Data records:

++++++++++++++++++++

definition cont_orbit_equiv ::
  "('g, 'm) monoid_scheme \<Rightarrow> 'a topology \<Rightarrow> ('g \<Rightarrow> 'a \<Rightarrow> 'a) \<Rightarrow>
   ('k, 'n) monoid_scheme \<Rightarrow> 'b topology \<Rightarrow> ('k \<Rightarrow> 'b \<Rightarrow> 'b) \<Rightarrow> bool" where
  "cont_orbit_equiv G X \<alpha> K Y \<beta> \<longleftrightarrow>
     (\<exists>\<phi> \<psi> a b.
        homeomorphic_maps X Y \<phi> \<psi> \<and>
        continuous_map (prod_topology (discrete_topology (carrier G)) X)
                       (discrete_topology (carrier K)) (\<lambda>(g, x). a g x) \<and>
        continuous_map (prod_topology (discrete_topology (carrier K)) Y)
                       (discrete_topology (carrier G)) (\<lambda>(h, y). b h y) \<and>
        (\<forall>g\<in>carrier G. \<forall>x\<in>topspace X. \<phi> (\<alpha> g x) = \<beta> (a g x) (\<phi> x)) \<and>
        (\<forall>h\<in>carrier K. \<forall>y\<in>topspace Y. \<psi> (\<beta> h y) = \<alpha> (b h y) (\<psi> y)))"

definition conjugate_actions ::
  "('g, 'm) monoid_scheme \<Rightarrow> 'a topology \<Rightarrow> ('g \<Rightarrow> 'a \<Rightarrow> 'a) \<Rightarrow> ('g \<Rightarrow> 'a \<Rightarrow> 'a) \<Rightarrow> bool" where
  "conjugate_actions G X \<alpha> \<beta> \<longleftrightarrow>
     (\<exists>\<phi> \<tau>. homeomorphic_map X X \<phi> \<and> \<tau> \<in> iso G G \<and>
        (\<forall>g\<in>carrier G. \<forall>x\<in>topspace X. \<phi> (\<alpha> g x) = \<beta> (\<tau> g) (\<phi> x)))"

end

theory Submission
  imports Defs
begin

(* At a point x where both actions are free, g \<mapsto> a g x is a bijection of D\<infinity> which changes the
   coarse coordinate dinf_height by a bounded amount along generators, so it pulls the half-line
   {dinf_height \<ge> 0} back to a set commensurable with a half-line or with its complement. The
   relative index of this set to the half-spaces, read modulo the shift automorphisms, determines
   j \<in> {0, 1} and a unique label c x \<in> D\<infinity>, and the cocycle identity for a makes
   x \<mapsto> \<beta> (c x) (\<phi> x) intertwine \<alpha> g with \<beta> (dinf_shift j g). The label is locally constant,
   being determined by finitely many values of the locally constant cocycle; j is constant by
   minimality; free points are dense by Baire's theorem, so the intertwining holds everywhere.
   Composing with the map built in the same way from \<psi> gives x \<mapsto> \<alpha> (m x) x with m locally
   constant, which forces injectivity, and minimality and compactness make the map a
   homeomorphism. *)

section \<open>The infinite dihedral group\<close>

notation dinf_mult (infixl "\<star>" 70)

definition dinf_inv :: "int \<times> bool \<Rightarrow> int \<times> bool" where
  "dinf_inv g = (if snd g then fst g else - fst g, snd g)"

lemma dinf_mult_assoc: "(a \<star> b) \<star> c = a \<star> (b \<star> c)"
  by (cases a; cases b; cases c) (auto simp: dinf_mult_def)

lemma dinf_mult_one_left [simp]: "(0, False) \<star> a = a"
  by (cases a) (auto simp: dinf_mult_def)

lemma dinf_mult_one_right [simp]: "a \<star> (0, False) = a"
  by (cases a) (auto simp: dinf_mult_def)

lemma dinf_inv_mult [simp]: "dinf_inv a \<star> a = (0, False)"
  by (cases a) (auto simp: dinf_mult_def dinf_inv_def)

lemma dinf_mult_inv [simp]: "a \<star> dinf_inv a = (0, False)"
  by (cases a) (auto simp: dinf_mult_def dinf_inv_def)

lemma dinf_mult_right_cancel [simp]: "b \<star> a = c \<star> a \<longleftrightarrow> b = c"
  by (cases a; cases b; cases c) (auto simp: dinf_mult_def)

lemma dinf_inv_mult_eq_one_iff [simp]: "dinf_inv q \<star> p = (0, False) \<longleftrightarrow> p = q"
  by (cases p; cases q) (auto simp: dinf_mult_def dinf_inv_def)

lemma Dinf_simps [simp]:
  "carrier Dinf = UNIV" "mult Dinf = dinf_mult" "one Dinf = (0, False)"
  by (auto simp: Dinf_def)

lemma dinf_conj_eq_one: "dinf_inv g \<star> h \<star> g = (0, False) \<Longrightarrow> h = (0, False)"
  by (cases g; cases h) (auto simp: dinf_mult_def dinf_inv_def split: if_splits)

lemma dinf_conj_reflection: "snd (dinf_inv g \<star> (m, True) \<star> g)"
  by (cases g) (auto simp: dinf_mult_def dinf_inv_def)

lemma dinf_reflection_centralizer:
  "dinf_inv g \<star> (m, True) \<star> g = (m, True) \<Longrightarrow> g = (0, False) \<or> g = (m, True)"
  by (cases g) (auto simp: dinf_mult_def dinf_inv_def split: if_splits)

lemma bij_dinf_mult_right: "bij (\<lambda>g. g \<star> c)"
proof (rule bijI')
  show "\<exists>x. y = x \<star> c" for y
    by (rule exI[of _ "y \<star> dinf_inv c"]) (simp add: dinf_mult_assoc)
qed simp

text \<open>The automorphism fixing \<open>s\<close> and sending \<open>t\<close> to \<open>s\<^sup>j t\<close>.\<close>

definition dinf_shift :: "int \<Rightarrow> int \<times> bool \<Rightarrow> int \<times> bool" where
  "dinf_shift j g = (if snd g then fst g + j else fst g, snd g)"

lemma dinf_shift_mult: "dinf_shift j (a \<star> b) = dinf_shift j a \<star> dinf_shift j b"
  by (cases a; cases b) (auto simp: dinf_shift_def dinf_mult_def)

++++++++++++++++++++

PROBLEM TO SOLVE: The answer must be a word-for-word transcription of every record above.

RESPONSE TO THIS TASK:
definition cont_orbit_equiv ::
  "('g, 'm) monoid_scheme \<Rightarrow> 'a topology \<Rightarrow> ('g \<Rightarrow> 'a \<Rightarrow> 'a) \<Rightarrow>
   ('k, 'n) monoid_scheme \<Rightarrow> 'b topology \<Rightarrow> ('k \<Rightarrow> 'b \<Rightarrow> 'b) \<Rightarrow> bool" where
  "cont_orbit_equiv G X \<alpha> K Y \<beta> \<longleftrightarrow>
     (\<exists>\<phi> \<psi> a b.
        homeomorphic_maps X Y \<phi> \<psi> \<and>
        continuous_map (prod_topology (discrete_topology (carrier G)) X)
                       (discrete_topology (carrier K)) (\<lambda>(g, x). a g x) \<and>
        continuous_map (prod_topology (discrete_topology (carrier K)) Y)
                       (discrete_topology (carrier G)) (\<lambda>(h, y). b h y) \<and>
        (\<forall>g\<in>carrier G. \<forall>x\<in>topspace X. \<phi> (\<alpha> g x) = \<beta> (a g x) (\<phi> x)) \<and>
        (\<forall>h\<in>carrier K. \<forall>y\<in>topspace Y. \<psi> (\<beta> h y) = \<alpha> (b h y) (\<psi> y)))"

definition conjugate_actions ::
  "('g, 'm) monoid_scheme \<Rightarrow> 'a topology \<Rightarrow> ('g \<Rightarrow> 'a \<Rightarrow> 'a) \<Rightarrow> ('g \<Rightarrow> 'a \<Rightarrow> 'a) \<Rightarrow> bool" where
  "conjugate_actions G X \<alpha> \<beta> \<longleftrightarrow>
     (\<exists>\<phi> \<tau>. homeomorphic_map X X \<phi> \<and> \<tau> \<in> iso G G \<and>
        (\<forall>g\<in>carrier G. \<forall>x\<in>topspace X. \<phi> (\<alpha> g x) = \<beta> (\<tau> g) (\<phi> x)))"

end

theory Submission
  imports Defs
begin

(* At a point x where both actions are free, g \<mapsto> a g x is a bijection of D\<infinity> which changes the
   coarse coordinate dinf_height by a bounded amount along generators, so it pulls the half-line
   {dinf_height \<ge> 0} back to a set commensurable with a half-line or with its complement. The
   relative index of this set to the half-spaces, read modulo the shift automorphisms, determines
   j \<in> {0, 1} and a unique label c x \<in> D\<infinity>, and the cocycle identity for a makes
   x \<mapsto> \<beta> (c x) (\<phi> x) intertwine \<alpha> g with \<beta> (dinf_shift j g). The label is locally constant,
   being determined by finitely many values of the locally constant cocycle; j is constant by
   minimality; free points are dense by Baire's theorem, so the intertwining holds everywhere.
   Composing with the map built in the same way from \<psi> gives x \<mapsto> \<alpha> (m x) x with m locally
   constant, which forces injectivity, and minimality and compactness make the map a
   homeomorphism. *)

section \<open>The infinite dihedral group\<close>

notation dinf_mult (infixl "\<star>" 70)

definition dinf_inv :: "int \<times> bool \<Rightarrow> int \<times> bool" where
  "dinf_inv g = (if snd g then fst g else - fst g, snd g)"

lemma dinf_mult_assoc: "(a \<star> b) \<star> c = a \<star> (b \<star> c)"
  by (cases a; cases b; cases c) (auto simp: dinf_mult_def)

lemma dinf_mult_one_left [simp]: "(0, False) \<star> a = a"
  by (cases a) (auto simp: dinf_mult_def)

lemma dinf_mult_one_right [simp]: "a \<star> (0, False) = a"
  by (cases a) (auto simp: dinf_mult_def)

lemma dinf_inv_mult [simp]: "dinf_inv a \<star> a = (0, False)"
  by (cases a) (auto simp: dinf_mult_def dinf_inv_def)

lemma dinf_mult_inv [simp]: "a \<star> dinf_inv a = (0, False)"
  by (cases a) (auto simp: dinf_mult_def dinf_inv_def)

lemma dinf_mult_right_cancel [simp]: "b \<star> a = c \<star> a \<longleftrightarrow> b = c"
  by (cases a; cases b; cases c) (auto simp: dinf_mult_def)

lemma dinf_inv_mult_eq_one_iff [simp]: "dinf_inv q \<star> p = (0, False) \<longleftrightarrow> p = q"
  by (cases p; cases q) (auto simp: dinf_mult_def dinf_inv_def)

lemma Dinf_simps [simp]:
  "carrier Dinf = UNIV" "mult Dinf = dinf_mult" "one Dinf = (0, False)"
  by (auto simp: Dinf_def)

lemma dinf_conj_eq_one: "dinf_inv g \<star> h \<star> g = (0, False) \<Longrightarrow> h = (0, False)"
  by (cases g; cases h) (auto simp: dinf_mult_def dinf_inv_def split: if_splits)

lemma dinf_conj_reflection: "snd (dinf_inv g \<star> (m, True) \<star> g)"
  by (cases g) (auto simp: dinf_mult_def dinf_inv_def)

lemma dinf_reflection_centralizer:
  "dinf_inv g \<star> (m, True) \<star> g = (m, True) \<Longrightarrow> g = (0, False) \<or> g = (m, True)"
  by (cases g) (auto simp: dinf_mult_def dinf_inv_def split: if_splits)

lemma bij_dinf_mult_right: "bij (\<lambda>g. g \<star> c)"
proof (rule bijI')
  show "\<exists>x. y = x \<star> c" for y
    by (rule exI[of _ "y \<star> dinf_inv c"]) (simp add: dinf_mult_assoc)
qed simp

text \<open>The automorphism fixing \<open>s\<close> and sending \<open>t\<close> to \<open>s\<^sup>j t\<close>.\<close>

definition dinf_shift :: "int \<Rightarrow> int \<times> bool \<Rightarrow> int \<times> bool" where
  "dinf_shift j g = (if snd g then fst g + j else fst g, snd g)"

lemma dinf_shift_mult: "dinf_shift j (a \<star> b) = dinf_shift j a \<star> dinf_shift j b"
  by (cases a; cases b) (auto simp: dinf_shift_def dinf_mult_def)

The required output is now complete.